→ Problem details
Search the data for "noteq". Return each matching line.

→ Available data

########

(* Let $f\colon X\to Y$ be a large scale uniform function between metric spaces. Then $$\operatorname{asdim}(X)\leq \operatorname{asdim}(f)+\operatorname{asdim}(Y).$$
   Context: For a metric space $X$ and $n\ge 0$: $\operatorname{asdim}(X)\le n$ means that for every $r>0$ there are $D<\infty$ and families $\mathcal U_1,\dots,\mathcal U_{n+1}$ of subsets of $X$ such that $\bigcup_i\mathcal U_i$ covers $X$, each $\mathcal U_i$ is $r$-disjoint (i.e. $d(a,b)\ge r$ whenever $a,b$ lie in different members of $\mathcal U_i$), and every member of every $\mathcal U_i$ has diameter at most $D$. $\operatorname{asdim}(X)$ is the least such $n$ ($\infty$ if none exists). A function $f\colon X\to Y$ is large scale uniform if there is $c_f\colon\mathbb R_+\to\mathbb R_+$ with $d_X(x,y)\le r\Rightarrow d_Y(f(x),f(y))\le c_f(r)$. The asymptotic dimension of a function $f\colon X\to Y$ is $\operatorname{asdim}(f)=\sup\{\operatorname{asdim}(A): A\subset X,\ \operatorname{asdim}(f(A))=0\}$ (with the metrics restricted from $X$ and $Y$). *)

theory Defs
  imports "HOL-Analysis.Analysis" "HOL-Library.Extended_Nat"
begin

text \<open>Metric spaces are modelled as subsets of a type of class metric_space,
  with the restricted metric.  asdim_le S n: for every r > 0 there are a bound D
  and n+1 families U 0, ..., U n of subsets of S covering S, each r-disjoint,
  all members of diameter at most D.\<close>

definition asdim_le :: "'a::metric_space set \<Rightarrow> nat \<Rightarrow> bool" where
  "asdim_le S n \<longleftrightarrow>
    (\<forall>r>0. \<exists>D::real. \<exists>U :: nat \<Rightarrow> 'a set set.
       (\<forall>i\<le>n. \<forall>A\<in>U i. A \<subseteq> S) \<and>
       (\<Union>i\<le>n. \<Union>(U i)) = S \<and>
       (\<forall>i\<le>n. \<forall>A\<in>U i. \<forall>B\<in>U i. A \<noteq> B \<longrightarrow> (\<forall>a\<in>A. \<forall>b\<in>B. dist a b \<ge> r)) \<and>
       (\<forall>i\<le>n. \<forall>A\<in>U i. \<forall>a\<in>A. \<forall>b\<in>A. dist a b \<le> D))"

definition asdim :: "'a::metric_space set \<Rightarrow> enat" where
  "asdim S = (if \<exists>n. asdim_le S n then enat (LEAST n. asdim_le S n) else \<infinity>)"

definition large_scale_uniform :: "'a::metric_space set \<Rightarrow> ('a \<Rightarrow> 'b::metric_space) \<Rightarrow> bool" where
  "large_scale_uniform X f \<longleftrightarrow>
    (\<exists>c::real \<Rightarrow> real. \<forall>r\<ge>0. \<forall>x\<in>X. \<forall>y\<in>X. dist x y \<le> r \<longrightarrow> dist (f x) (f y) \<le> c r)"

definition asdim_fun :: "'a::metric_space set \<Rightarrow> ('a \<Rightarrow> 'b::metric_space) \<Rightarrow> enat" where
  "asdim_fun X f = Sup {asdim A | A. A \<subseteq> X \<and> asdim (f ` A) = 0}"

end

theory Submission
  imports Defs
begin

text \<open>Fix \<open>r > 0\<close> and let \<open>R\<close> bound the distance of the images of \<open>r\<close>-close points. By the
  Kolmogorov trick, \<open>asdim Y \<le> m\<close> yields \<open>n + m + 1\<close> families \<open>W\<^sub>l\<close> of \<open>R\<close>-disjoint bounded sets
  such that every point of \<open>Y\<close> lies in at least \<open>n + 1\<close> of them; take also a coarse \<open>(m+1)\<close>-coloured
  cover \<open>V\<^sub>a\<close> of \<open>Y\<close> whose pieces are further apart than the diameter of the sets in the \<open>W\<^sub>l\<close>.
  Since \<open>asdim f \<le> n\<close>, the preimages of the pieces of \<open>V\<^sub>a\<close> are uniformly of dimension \<open>n\<close>
  (otherwise bad pieces could be chosen ever further apart, and their union would have dimension \<open>0\<close>),
  so they too carry \<open>n + m + 1\<close> families, every point lying in at least \<open>m + 1\<close> of them. Over a
  set \<open>W \<in> W\<^sub>l\<close> the level-\<open>l\<close> pieces coming from the \<open>m + 1\<close> colours are merged into one
  \<open>r\<close>-disjoint bounded family by saturating colour after colour at increasing scales; different sets
  of \<open>W\<^sub>l\<close> are \<open>R\<close>-apart, hence their preimages \<open>r\<close>-apart. Counting shows that every point of \<open>X\<close>
  is covered at some common level, so the \<open>n + m + 1\<close> levels colour \<open>X\<close>.\<close>

section \<open>Separated covers\<close>

definition r_disjoint :: "real \<Rightarrow> 'a::metric_space set set \<Rightarrow> bool" where
  "r_disjoint r F \<longleftrightarrow> (\<forall>A\<in>F. \<forall>B\<in>F. A \<noteq> B \<longrightarrow> (\<forall>a\<in>A. \<forall>b\<in>B. r \<le> dist a b))"

definition diam_le :: "real \<Rightarrow> 'a::metric_space set \<Rightarrow> bool" where
  "diam_le D A \<longleftrightarrow> (\<forall>a\<in>A. \<forall>b\<in>A. dist a b \<le> D)"

definition disjoint_cover :: "'a::metric_space set \<Rightarrow> real \<Rightarrow> real \<Rightarrow> bool" where
  "disjoint_cover S r D \<longleftrightarrow> (\<exists>F. \<Union>F = S \<and> r_disjoint r F \<and> (\<forall>A\<in>F. diam_le D A))"

definition asdim_cover :: "'a::metric_space set \<Rightarrow> nat \<Rightarrow> real \<Rightarrow> real \<Rightarrow> bool" where
  "asdim_cover S n r D \<longleftrightarrow>
     (\<exists>U. (\<Union>i\<le>n. \<Union>(U i)) = S \<and> (\<forall>i\<le>n. r_disjoint r (U i) \<and> (\<forall>A\<in>U i. diam_le D A)))"

lemma r_disjointD: "r_disjoint r F \<Longrightarrow> A \<in> F \<Longrightarrow> B \<in> F \<Longrightarrow> a \<in> A \<Longrightarrow> b \<in> B \<Longrightarrow> dist a b < r \<Longrightarrow> A = B"
  unfolding r_disjoint_def by force

lemma diam_leD: "diam_le D A \<Longrightarrow> a \<in> A \<Longrightarrow> b \<in> A \<Longrightarrow> dist a b \<le> D"
  unfolding diam_le_def by blast

lemma diam_le_subset: "diam_le D A \<Longrightarrow> B \<subseteq> A \<Longrightarrow> diam_le D B"
  unfolding diam_le_def by blast

lemma diam_le_mono: "diam_le D A \<Longrightarrow> D \<le> D' \<Longrightarrow> diam_le D' A"
  unfolding diam_le_def by force

lemma bounded_iff_diam_le: "bounded A \<longleftrightarrow> (\<exists>D. diam_le D A)"
  unfolding diam_le_def by (rule bounded_two_points)

lemma asdim_le_iff_asdim_cover: "asdim_le S n \<longleftrightarrow> (\<forall>r>0. \<exists>D. asdim_cover S n r D)"
proof -
  have sub: "(\<Union>i\<le>n. \<Union>(U i)) = S \<Longrightarrow> \<forall>i\<le>n. \<forall>A\<in>U i. A \<subseteq> S" for U :: "nat \<Rightarrow> 'a set set"
    by auto
  have "asdim_cover S n r D \<longleftrightarrow> (\<exists>U. (\<forall>i\<le>n. \<forall>A\<in>U i. A \<subseteq> S) \<and> (\<Union>i\<le>n. \<Union>(U i)) = S \<and>
     (\<forall>i\<le>n. r_disjoint r (U i)) \<and> (\<forall>i\<le>n. \<forall>A\<in>U i. diam_le D A))" for r D
    unfolding asdim_cover_def using sub by (auto intro!: ex_cong1)
  then show ?thesis
    by (simp only: asdim_le_def r_disjoint_def diam_le_def)
qed

lemma asdim_cover_0_iff: "asdim_cover S 0 r D \<longleftrightarrow> disjoint_cover S r D"
proof
  assume "asdim_cover S 0 r D"
  then obtain U where "\<Union>(U 0) = S" "r_disjoint r (U 0)" "\<forall>A\<in>U 0. diam_le D A"
    unfolding asdim_cover_def by auto
  then show "disjoint_cover S r D"
    unfolding disjoint_cover_def by blast
next
  assume "disjoint_cover S r D"
  then obtain F where "\<Union>F = S" "r_disjoint r F" "\<forall>A\<in>F. diam_le D A"
    unfolding disjoint_cover_def by blast
  then show "asdim_cover S 0 r D"
    unfolding asdim_cover_def by (intro exI[of _ "\<lambda>_. F"]) simp
qed

lemma asdim_cover_if_disjoint_covers:
  assumes "(\<Union>i\<le>n. T i) = S" "\<And>i. i \<le> n \<Longrightarrow> disjoint_cover (T i) r D"
  shows "asdim_cover S n r D"
proof -
  have "\<forall>i\<in>{..n}. \<exists>F. \<Union>F = T i \<and> r_disjoint r F \<and> (\<forall>A\<in>F. diam_le D A)"
    using assms(2) unfolding disjoint_cover_def by blast
  then obtain U where U: "\<forall>i\<in>{..n}. \<Union>(U i) = T i \<and> r_disjoint r (U i) \<and> (\<forall>A\<in>U i. diam_le D A)"
    by (rule bchoice[THEN exE])
  then have "(\<Union>i\<le>n. \<Union>(U i)) = S"
    using assms(1) by simp
  then show ?thesis
    unfolding asdim_cover_def using U by (intro exI[of _ U]) simp
qed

########

→ Solution below
       (\<forall>i\<le>n. \<forall>A\<in>U i. \<forall>B\<in>U i. A \<noteq> B \<longrightarrow> (\<forall>a\<in>A. \<forall>b\<in>B. dist a b \<ge> r)) \<and>
  "r_disjoint r F \<longleftrightarrow> (\<forall>A\<in>F. \<forall>B\<in>F. A \<noteq> B \<longrightarrow> (\<forall>a\<in>A. \<forall>b\<in>B. r \<le> dist a b))"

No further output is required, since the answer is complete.